La robe de Leïla Mourad Élégance, cinéma et mémoire d’une icône arabe

La robe de Leïla Mourad Élégance, cinéma et mémoire d’une icône arabe
Leïla Mourad Icône du cinéma et de la chanson arabes, figure d’élégance dont la présence a marqué durablement l’imaginaire culturel.

Leïla Mourad occupe une place singulière dans l’histoire culturelle du monde arabe. Figure centrale de l’âge d’or du cinéma égyptien, elle incarne une génération d’artistes pour lesquelles le talent ne se dissociait jamais d’une présence, d’un style, d’une manière d’habiter l’écran. Chanteuse, actrice et icône populaire, elle a façonné une image où la retenue, la douceur et l’élégance constituaient un langage à part entière.

Née au Caire en 1918 dans une famille juive d’origine levantine, Leïla Mourad grandit dans un environnement musical exigeant. Son père, Zaki Mourad, est un compositeur et chanteur reconnu, qui joue un rôle déterminant dans sa formation. Très tôt, elle s’impose par une voix singulière, empreinte de mélancolie et de délicatesse, qui la distingue au sein d’un paysage musical pourtant foisonnant. Sa carrière cinématographique débute dans les années 1930 et connaît rapidement un essor spectaculaire.

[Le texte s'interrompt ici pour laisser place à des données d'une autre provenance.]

lemma xlnx_sum_scaled_close:
  fixes x a :: "'i \<Rightarrow> real"
  assumes I: "finite I" and x_nonneg: "\<And>i. i \<in> I \<Longrightarrow> 0 \<le> x i"
    and a_pos: "\<And>i. i \<in> I \<Longrightarrow> 0 < a i"
  shows "\<bar>xlnx (\<Sum>i\<in>I. x i) - (\<Sum>i\<in>I. a i * xlnx (x i / a i))\<bar>
           \<le> (real (card I) + (\<Sum>i\<in>I. \<bar>ln (a i)\<bar>)) * (\<Sum>i\<in>I. x i)"
proof -
  let ?s = "\<Sum>i\<in>I. x i"
  have scaled: "(\<Sum>i\<in>I. a i * xlnx (x i / a i)) = (\<Sum>i\<in>I. xlnx (x i)) - (\<Sum>i\<in>I. x i * ln (a i))"
    using x_nonneg a_pos by (simp add: xlnx_scale sum_subtractf)
  have "\<bar>\<Sum>i\<in>I. x i * ln (a i)\<bar> \<le> (\<Sum>i\<in>I. ?s * \<bar>ln (a i)\<bar>)"
  proof -
    have "\<bar>x i * ln (a i)\<bar> \<le> ?s * \<bar>ln (a i)\<bar>" if "i \<in> I" for i
      using that x_nonneg I by (auto simp: abs_mult intro!: mult_right_mono member_le_sum)
    then show ?thesis
      by (intro order.trans[OF sum_abs] sum_mono)
  qed
  then have "\<bar>\<Sum>i\<in>I. x i * ln (a i)\<bar> \<le> ?s * (\<Sum>i\<in>I. \<bar>ln (a i)\<bar>)"
    by (simp add: sum_distrib_left)
  with sum_xlnx_le_xlnx_sum[of I x] xlnx_sum_le[of I x] I x_nonneg show ?thesis
    unfolding scaled by (simp add: algebra_simps abs_le_iff)
qed

lemma max0_scaled_xlnx_le:
  assumes x: "0 \<le> x" and xs: "x \<le> s" and a: "0 < a" and c: "1 + \<bar>ln a\<bar> \<le> c"
  shows "max 0 (a * xlnx (x / a)) \<le> max 0 (xlnx s) + c * s"
proof -
  have "\<bar>x * ln a\<bar> \<le> s * \<bar>ln a\<bar>"
    using x xs by (auto simp: abs_mult intro: mult_right_mono)
  moreover have "max 0 (xlnx x) \<le> max 0 (xlnx s)"
    using x xs by (rule max0_xlnx_mono)
  moreover have "(1 + \<bar>ln a\<bar>) * s \<le> c * s"
    using c x xs by (intro mult_right_mono) auto
  ultimately show ?thesis
    using xlnx_scale[OF x a] x xs by (auto simp: algebra_simps abs_le_iff max_def split: if_splits)
qed

lemma max0_neg_scaled_xlnx_le:
  assumes x: "0 \<le> x" and xs: "x \<le> s" and a: "0 < a" and c: "1 + \<bar>ln a\<bar> \<le> c"
  shows "max 0 (- (a * xlnx (x / a))) \<le> max 0 (- xlnx s) + c * s"
proof -
  have "\<bar>x * ln a\<bar> \<le> s * \<bar>ln a\<bar>"
    using x xs by (auto simp: abs_mult intro: mult_right_mono)
  moreover have "max 0 (- xlnx x) \<le> max 0 (- xlnx s) + s"
    using x xs by (rule max0_neg_xlnx_le)
  moreover have "(1 + \<bar>ln a\<bar>) * s \<le> c * s"
    using c x xs by (intro mult_right_mono) auto
  ultimately show ?thesis
    using xlnx_scale[OF x a] x xs by (auto simp: algebra_simps abs_le_iff max_def split: if_splits)
qed

text \<open>The integral as it appears in \<^const>\<open>ent\<close>; note that \<infinity> - \<infinity> = \<infinity> in \<^typ>\<open>ereal\<close>, so the
  value is \<infinity> as soon as the positive part is not integrable.\<close>

definition ereal_integral :: "(real \<Rightarrow> real) \<Rightarrow> ereal" where
  "ereal_integral h =
     enn2ereal (\<integral>\<^sup>+x. ennreal (h x) \<partial>lborel) - enn2ereal (\<integral>\<^sup>+x. ennreal (- h x) \<partial>lborel)"

lemma ereal_integral_cong_AE:
  "AE x in lborel. h x = h' x \<Longrightarrow> ereal_integral h = ereal_integral h'"
  unfolding ereal_integral_def
  by (intro arg_cong2[where f = "\<lambda>a b. enn2ereal a - enn2ereal b"] nn_integral_cong_AE)
     (auto elim!: eventually_mono)

lemma ent_density_eq:
  assumes [measurable]: "G \<in> borel_measurable borel"
  shows "ent (density lborel G) = ereal_integral (\<lambda>x. xlnx (enn2real (G x)))"
proof -
  have ex: "\<exists>q. has_lebesgue_density (density lborel G) q"
    unfolding has_lebesgue_density_def using assms by blast
  define q where "q = (SOME q. has_lebesgue_density (density lborel G) q)"
  have "has_lebesgue_density (density lborel G) q"
    unfolding q_def by (rule someI_ex[OF ex])
  then have [measurable]: "q \<in> borel_measurable borel" and "density lborel G = density lborel q"
    by (auto simp: has_lebesgue_density_def)
  then have "AE x in lborel. G x = q x"
    by (intro sigma_finite_measure.density_unique[OF sigma_finite_lborel]) auto
  then have "ereal_integral (\<lambda>x. xlnx (enn2real (q x))) = ereal_integral (\<lambda>x. xlnx (enn2real (G x)))"
    by (intro ereal_integral_cong_AE) (auto elim!: eventually_mono)
  then show ?thesis
    using ex by (simp add: ent_def Let_def q_def[symmetric] ereal_integral_def xlnx_def)
qed

lemma ereal_integral_eq_integral:
  assumes "integrable lborel h"
  shows "ereal_integral h = ereal (integral\<^sup>L lborel h)"
proof -
  have "(\<integral>\<^sup>+x. ennreal (h x) \<partial>lborel) \<noteq> \<infinity>" "(\<integral>\<^sup>+x. ennreal (- h x) \<partial>lborel) \<noteq> \<infinity>"
    using assms by (auto simp: real_integrable_def)
  then show ?thesis
    unfolding ereal_integral_def real_lebesgue_integral_def[OF assms]
    by (cases "\<integral>\<^sup>+x. ennreal (h x) \<partial>lborel" rule: ennreal_cases;
        cases "\<integral>\<^sup>+x. ennreal (- h x) \<partial>lborel" rule: ennreal_cases) simp_all
qed

lemma ereal_integral_cmult:
  assumes a: "0 < a" and [measurable]: "h \<in> borel_measurable borel"
  shows "ereal a * ereal_integral h = ereal_integral (\<lambda>x. a * h x)"
proof -
  have pos: "(\<integral>\<^sup>+x. ennreal (a * h x) \<partial>lborel) = ennreal a * (\<integral>\<^sup>+x. ennreal (h x) \<partial>lborel)"
    using a by (simp add: ennreal_mult' nn_integral_cmult)
  have "(\<lambda>x. ennreal (- (a * h x))) = (\<lambda>x. ennreal a * ennreal (- h x))"
    using a by (auto simp: ennreal_mult'[symmetric])
  then have neg: "(\<integral>\<^sup>+x. ennreal (- (a * h x)) \<partial>lborel) = ennreal a * (\<integral>\<^sup>+x. ennreal (- h x) \<partial>lborel)"
    by (simp add: nn_integral_cmult)
  have "ereal a * (enn2ereal p - enn2ereal q) = enn2ereal (ennreal a * p) - enn2ereal (ennreal a * q)"
    for p q
    using a
    by (cases p rule: ennreal_cases; cases q rule: ennreal_cases)
       (auto simp: ennreal_mult'[symmetric] ennreal_mult_top ennreal_top_mult
          ereal_mult_minus_right right_diff_distrib)
  then show ?thesis
    unfolding ereal_integral_def pos neg .
qed

lemma ennreal_sum_le_sum_ennreal:
  fixes u :: "'i \<Rightarrow> real"
  assumes "finite I"
  shows "ennreal (\<Sum>i\<in>I. u i) \<le> (\<Sum>i\<in>I. ennreal (u i))"
  using assms
proof (induction I rule: finite_induct)
  case (insert i I)
  have "ennreal (u i + (\<Sum>j\<in>I. u j)) \<le> ennreal (max 0 (u i) + max 0 (\<Sum>j\<in>I. u j))"
    by (intro ennreal_leI) auto
  also have "\<dots> = ennreal (u i) + ennreal (\<Sum>j\<in>I. u j)"
    by (subst ennreal_plus) (auto simp: ennreal_max_0)
  also have "\<dots> \<le> ennreal (u i) + (\<Sum>j\<in>I. ennreal (u j))"
    using insert by (intro add_left_mono)
  finally show ?case
    using insert by simp
qed simp

lemma nn_integral_le_plus_bound:
  fixes v w F :: "real \<Rightarrow> real"
  assumes [measurable]: "v \<in> borel_measurable borel" "w \<in> borel_measurable borel"
    "F \<in> borel_measurable borel"
    and F: "\<And>x. 0 \<le> F x" and FK: "(\<integral>\<^sup>+x. ennreal (F x) \<partial>lborel) \<le> ennreal K"
    and le: "AE x in lborel. v x \<le> max 0 (w x) + F x"
  shows "(\<integral>\<^sup>+x. ennreal (v x) \<partial>lborel) \<le> (\<integral>\<^sup>+x. ennreal (w x) \<partial>lborel) + ennreal K"
proof -
  from le have "AE x in lborel. ennreal (v x) \<le> ennreal (w x) + ennreal (F x)"
  proof eventually_elim
    case (elim x)
    then have "ennreal (v x) \<le> ennreal (max 0 (w x) + F x)"
      by (rule ennreal_leI)
    also have "\<dots> = ennreal (w x) + ennreal (F x)"
      using F by (subst ennreal_plus) (auto simp: ennreal_max_0)
    finally show ?case .
  qed
  then have "(\<integral>\<^sup>+x. ennreal (v x) \<partial>lborel) \<le> (\<integral>\<^sup>+x. ennreal (w x) + ennreal (F x) \<partial>lborel)"
    by (rule nn_integral_mono_AE)
  also have "\<dots> = (\<integral>\<^sup>+x. ennreal (w x) \<partial>lborel) + (\<integral>\<^sup>+x. ennreal (F x) \<partial>lborel)"
    by (simp add: nn_integral_add)
  also have "\<dots> \<le> (\<integral>\<^sup>+x. ennreal (w x) \<partial>lborel) + ennreal K"
    using FK by (rule add_left_mono)
  finally show ?thesis .
qed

À l’écran, Leïla Mourad ne se contente pas d’interpréter des rôles : elle impose un ton. Ses personnages, souvent traversés par une sensibilité discrète, évitent l’excès mélodramatique. Elle devient ainsi l’une des actrices les plus aimées du public arabe, enchaînant les succès tout au long des années 1940 et 1950. Son aura dépasse largement le cadre du cinéma égyptien et s’étend à l’ensemble du monde arabe.

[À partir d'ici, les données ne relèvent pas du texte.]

definition QP :: "'a set \<Rightarrow> 'a set set \<Rightarrow> 'a set \<Rightarrow> 'a set \<Rightarrow> ('a var \<Rightarrow> real) set" where
  "QP V E Lm Lp = convex hull {z. (\<forall>p. p \<notin> base_idx V E Lm Lp \<longrightarrow> z p = 0) \<and>
      (\<forall>i\<in>Lp. z (Loop i) \<ge> (z (Node i))\<^sup>2) \<and>
      (\<forall>i\<in>Lm. z (Loop i) \<le> (z (Node i))\<^sup>2) \<and>
      (\<forall>u v. {u, v} \<in> E \<longrightarrow> z (Pair {u, v}) = z (Node u) * z (Node v)) \<and>
      (\<forall>i\<in>V. 0 \<le> z (Node i) \<and> z (Node i) \<le> 1)}"

definition zS :: "('a var \<Rightarrow> real) \<Rightarrow> 'a set \<Rightarrow> real" where
  "zS z S = (if S = {} then 1 else if card S = 1 then z (Node (the_elem S)) else z (Pair S))"

text \<open>\<ell>_d(J1,J2) = \<Sum>_{t \<subseteq> J2} (-1)^|t| z_{J1 \<union> t}  (d = |J1 \<union> J2| is implicit).\<close>
definition ell :: "('a var \<Rightarrow> real) \<Rightarrow> 'a set \<Rightarrow> 'a set \<Rightarrow> real" where
  "ell z J1 J2 = (\<Sum>t\<in>Pow J2. (-1) ^ card t * zS z (J1 \<union> t))"

text \<open>Closed perspective u^2/v (extended real valued; +\<infinity> for v < 0, which
  cannot occur on the feasible set anyway).\<close>
definition persp :: "real \<Rightarrow> real \<Rightarrow> ereal" where
  "persp u v = (if v > 0 then ereal (u\<^sup>2 / v) else if u = 0 \<and> v = 0 then 0 else \<infinity>)"

definition relax_set :: "'a set \<Rightarrow> 'a set set \<Rightarrow> 'a set \<Rightarrow> 'a set \<Rightarrow> 'a set \<Rightarrow> 'a \<Rightarrow> ('a var \<Rightarrow> real) set" where
  "relax_set V E Lm Lp M i = {z. (\<forall>p. p \<notin> ext_idx V E Lm Lp M \<longrightarrow> z p = 0) \<and>
      ereal (z (Loop i)) \<ge> (\<Sum>J\<in>{J. J \<subseteq> M \<and> i \<in> J}. persp (ell z J (M - J)) (ell z (J - {i}) (M - J))) \<and>
      (\<forall>J. J \<subseteq> M \<longrightarrow> ell z J (M - J) \<ge> 0)}"

definition proj_base :: "'a set \<Rightarrow> 'a set set \<Rightarrow> 'a set \<Rightarrow> 'a set \<Rightarrow> ('a var \<Rightarrow> real) \<Rightarrow> 'a var \<Rightarrow> real" where
  "proj_base V E Lm Lp z = (\<lambda>p. if p \<in> base_idx V E Lm Lp then z p else 0)"

end

theory Submission
  imports Defs
begin

text \<open>If all \<open>\<ell>\<^sub>d(J, M - J)\<close> are nonnegative, then \<open>0 \<le> \<ell>\<^sub>d(J, M - J) \<le> \<ell>\<^sub>d\<^sub>-\<^sub>1(J - {i}, M - J)\<close>
  for \<open>i \<in> J\<close>, and on such pairs the perspective \<open>u\<^sup>2/v\<close> is the supremum over \<open>t\<close> of the
  functions \<open>2tu - t\<^sup>2v\<close>, which are linear in \<open>z\<close>. Hence the set is an intersection of closed
  half-spaces. For the relaxation property, a generating point of QP(G) is lifted by
  \<open>z\<^sub>S = \<Prod>\<^sub>k\<^sub>\<in>\<^sub>S z\<^sub>k\<close>; by inclusion-exclusion \<open>\<ell>\<^sub>d(J, M - J) = \<Prod>\<^sub>J z\<^sub>k \<Prod>\<^sub>M\<^sub>-\<^sub>J (1 - z\<^sub>k) \<ge> 0\<close>, and the
  perspective sum collapses to \<open>z\<^sub>i\<^sup>2 \<le> z\<^sub>i\<^sub>i\<close>. Convexity of the projected set then covers the
  convex hull.\<close>

lemma nbhd_subset_nodes:
  assumes "graph_with_loops V E Lm Lp"
  shows "nbhd E Lm Lp i \<subseteq> V"
  using assms unfolding graph_with_loops_def nbhd_def by (auto simp: doubleton_eq_iff)

definition affine_fun :: "('a::real_vector \<Rightarrow> real) \<Rightarrow> bool" where
  "affine_fun f \<longleftrightarrow> (\<forall>x y u v. u + v = 1 \<longrightarrow> f (u *\<^sub>R x + v *\<^sub>R y) = u * f x + v * f y)"

lemma affine_fun_const: "affine_fun (\<lambda>x. c)"
  unfolding affine_fun_def by (metis distrib_right mult_1)

lemma affine_fun_apply: "affine_fun (\<lambda>f. f p)"
  by (simp add: affine_fun_def scaleR_fun_def)

lemma affine_fun_sum: "(\<And>a. a \<in> A \<Longrightarrow> affine_fun (f a)) \<Longrightarrow> affine_fun (\<lambda>x. \<Sum>a\<in>A. f a x)"
  unfolding affine_fun_def by (simp add: sum.distrib sum_distrib_left)

lemma affine_fun_lincomb: "affine_fun f \<Longrightarrow> affine_fun g \<Longrightarrow> affine_fun (\<lambda>x. a * f x + b * g x)"
  unfolding affine_fun_def by (simp add: algebra_simps)

lemma convex_affine_fun_le: "affine_fun f \<Longrightarrow> affine_fun g \<Longrightarrow> convex {x. f x \<le> g x}"
  unfolding convex_def affine_fun_def by (auto intro!: add_mono mult_left_mono)

lemma affine_fun_zS: "affine_fun (\<lambda>z. zS z S)"
  unfolding zS_def by (cases "S = {}"; cases "card S = 1") (simp_all add: affine_fun_apply affine_fun_const)

lemma affine_fun_ell: "affine_fun (\<lambda>z. ell z A B)"
  unfolding ell_def
  using affine_fun_lincomb[OF affine_fun_zS affine_fun_const, where b=0]
  by (intro affine_fun_sum) simp

lemma continuous_on_zS [continuous_intros]: "continuous_on S (\<lambda>z. zS z T)"
  unfolding zS_def by (cases "T = {}"; cases "card T = 1")
    (simp_all add: continuous_on_subset[OF continuous_on_product_coordinates])

lemma continuous_on_ell [continuous_intros]: "continuous_on S (\<lambda>z. ell z A B)"
  unfolding ell_def by (intro continuous_intros)

lemma ell_insert:
  assumes "finite B" "i \<notin> B"
  shows "ell z A (insert i B) = ell z A B - ell z (insert i A) B"
proof -
  have "ell z A (insert i B) = ell z A B + (\<Sum>t\<in>insert i ` Pow B. (-1)^card t * zS z (A \<union> t))"
    unfolding ell_def Pow_insert using assms by (intro sum.union_disjoint) auto
  also have "(\<Sum>t\<in>insert i ` Pow B. (-1)^card t * zS z (A \<union> t))
      = (\<Sum>t\<in>Pow B. (-1)^card (insert i t) * zS z (A \<union> insert i t))"
    using assms(2) by (intro sum.reindex_cong[of "insert i"]) (auto intro!: inj_onI simp: insert_ident)
  also have "\<dots> = - ell z (insert i A) B"
    unfolding ell_def sum_negf[symmetric]
  proof (intro sum.cong refl)
    fix t assume "t \<in> Pow B"
    then have "finite t" "i \<notin> t" using assms finite_subset by auto
    then show "(-1)^card (insert i t) * zS z (A \<union> insert i t) = - ((-1)^card t * zS z (insert i A \<union> t))"
      by simp
  qed
  finally show ?thesis by simp
qed

lemma ell_le_ell_remove:
  assumes "finite M" and nonneg: "\<forall>J. J \<subseteq> M \<longrightarrow> 0 \<le> ell z J (M - J)"
    and "J \<subseteq> M" "i \<in> J"
  shows "ell z J (M - J) \<le> ell z (J - {i}) (M - J)"
proof -
  have "ell z (J - {i}) (insert i (M - J)) = ell z (J - {i}) (M - J) - ell z (insert i (J - {i})) (M - J)"
    using assms(1,4) by (intro ell_insert) auto
  moreover have "M - (J - {i}) = insert i (M - J)" "insert i (J - {i}) = J" using assms(3,4) by auto
  ultimately have "ell z (J - {i}) (M - (J - {i})) = ell z (J - {i}) (M - J) - ell z J (M - J)"
    by simp
  moreover have "0 \<le> ell z (J - {i}) (M - (J - {i}))" using nonneg assms(3) by blast
  ultimately show ?thesis by simp
qed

Cette reconnaissance s’accompagne d’une attention particulière portée à son image. Leïla Mourad est perçue comme l’une des artistes les plus élégantes de son époque. Elle collabore avec de grands couturiers et soigne chaque apparition publique comme chaque apparition à l’écran. Dans ce contexte, la mode ne relève jamais du simple ornement : elle participe pleinement de la construction de son identité artistique.

C’est dans cet esprit qu’en 1951, une robe est conçue spécialement pour elle par la maison Coco Chanel. Cette création ne relève pas d’un choix mondain, mais d’une véritable démarche esthétique. Pensée sur mesure, elle est réalisée selon les souhaits précis de l’artiste, afin d’accompagner sa silhouette et son style, sans jamais les écraser.

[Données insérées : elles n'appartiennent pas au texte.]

lemma closed_set_reduce_top_layer:
  fixes i :: nat
  defines "g \<equiv> Gcd (ws ` {1..<i})"
  assumes A: "closed_set V E A" and i: "i \<in> {1..l}" and "0 < k" and "0 < g"
    and c: "wset w A + c = k" and dvd: "gcd g (ws i) dvd c"
    and budget: "s * (s - gcd g (ws i)) \<le> c"
  obtains A' c' where "closed_set V E A'" and "wset w A' + c' = k" and "g dvd c'"
    and "s * (s - g) \<le> c'"
proof -
  define d where "d = gcd g (ws i)"
  obtain m where m: "m + d \<le> g" and cong: "[m * ws i = c] (mod g)"
    using cong_solve_dvd_nat_bounded[OF \<open>0 < g\<close> dvd] d_def by blast
  have "{1..<i} \<subseteq> {1..l}"
    using i by auto
  then have g_le: "g \<le> s"
    unfolding g_def using Gcd_layer_weights_le \<open>0 < k\<close> \<open>0 < g\<close>[unfolded g_def] by blast
  have "(s - g) + m \<le> s - d"
    using m g_le by linarith
  then have "s * ((s - g) + m) \<le> s * (s - d)"
    by (rule mult_le_mono2)
  then have "s * (s - g) + m * s \<le> s * (s - d)"
    by (simp add: add_mult_distrib2 mult.commute)
  with budget have budget': "s * (s - g) + m * s \<le> c"
    by (simp add: d_def)
  have "m \<le> card (P i - A)"
  proof (cases "ws i = 0")
    case True
    then show ?thesis
      using m by (simp add: d_def)
  next
    case False
    have "m \<le> m * s"
      using \<open>0 < g\<close> g_le by simp
    also have "\<dots> \<le> c"
      using budget' by simp
    also have "c \<le> card (P i - A)"
      using card_layer_le_Diff_add_wset[OF _ i, of A] False A layer_card[OF i] c by (simp add: closed_set_def)
    finally show ?thesis .
  qed
  then obtain A' r where A': "closed_set V E A'" and weight: "wset w A' = wset w A + m * ws i + r"
      and dvd_r: "g dvd r" and bound: "wset w A' \<le> wset w A + m * s"
    by (rule closed_set_extend[OF A i, folded g_def])
  define c' where "c' = c - m * ws i - r"
  have used: "m * ws i + r \<le> m * s"
    using weight bound by linarith
  then have "wset w A' + c' = k"
    using weight budget' c unfolding c'_def by linarith
  moreover have "g dvd c'"
  proof -
    have "m * ws i \<le> c"
      using used budget' by linarith
    with cong have "g dvd c - m * ws i"
      using cong_altdef_nat cong_sym by blast
    then show ?thesis
      unfolding c'_def using dvd_r by (rule dvd_diff_nat)
  qed
  moreover have "s * (s - g) \<le> c'"
    using used budget' unfolding c'_def by linarith
  ultimately show ?thesis
    using that A' by blast
qed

La robe, confectionnée à partir de fils d’or et d’argent pur, représente alors un investissement exceptionnel : son coût est estimé à 400 livres égyptiennes, une somme considérable à l’époque, équivalente à près d’un demi-kilogramme d’or. Plus encore, elle demeure une pièce unique : jamais reproduite, jamais réinterprétée, elle n’existe que pour Leïla Mourad.

L’artiste la porte dans le film Habib el-Rouh, lors de l’interprétation de la chanson éponyme. Cette scène marque durablement les esprits. Le public découvre une image devenue emblématique : celle d’une star qui conjugue grâce, sobriété et majesté. Très vite, la presse et les spectateurs qualifient la robe de « royale », y voyant le prolongement naturel de la stature de l’actrice.

Autour de cette création, les récits se multiplient. Certaines sources évoquent la vente d’un bien immobilier par Leïla Mourad afin de financer cette pièce exceptionnelle. D’autres rapportent que Coco Chanel elle-même aurait offert la robe à l’artiste, la décrivant comme « la reine des Arabes, la magicienne de l’Orient et l’étoile de l’Égypte ». Cette pluralité de versions participe à la dimension mythique de l’objet.

Le contexte historique renforce encore cette charge symbolique. À la même période, Chanel aurait refusé de concevoir une robe pour l’épouse d’un président français, en signe de solidarité avec les petites maisons de couture, fragilisées par des réglementations strictes imposées au secteur. Le geste, s’il est avéré, inscrit la robe de Leïla Mourad dans un dialogue complexe entre esthétique, pouvoir et positionnement éthique.

Au-delà de la mode, cette robe devient ainsi une archive culturelle. Elle témoigne d’un moment rare de rencontre entre Paris et Le Caire, entre la haute couture française et le cinéma arabe. Elle rappelle aussi que Leïla Mourad fut bien plus qu’une vedette populaire : une figure de transition, à la croisée des mondes, des cultures et des sensibilités.

Aujourd’hui encore, son image continue de traverser les générations. La robe qu’elle porta n’est plus seulement un vêtement, mais un symbole : celui d’un âge d’or où l’élégance, alliée à l’art, produisait une mémoire durable, capable de résister au temps.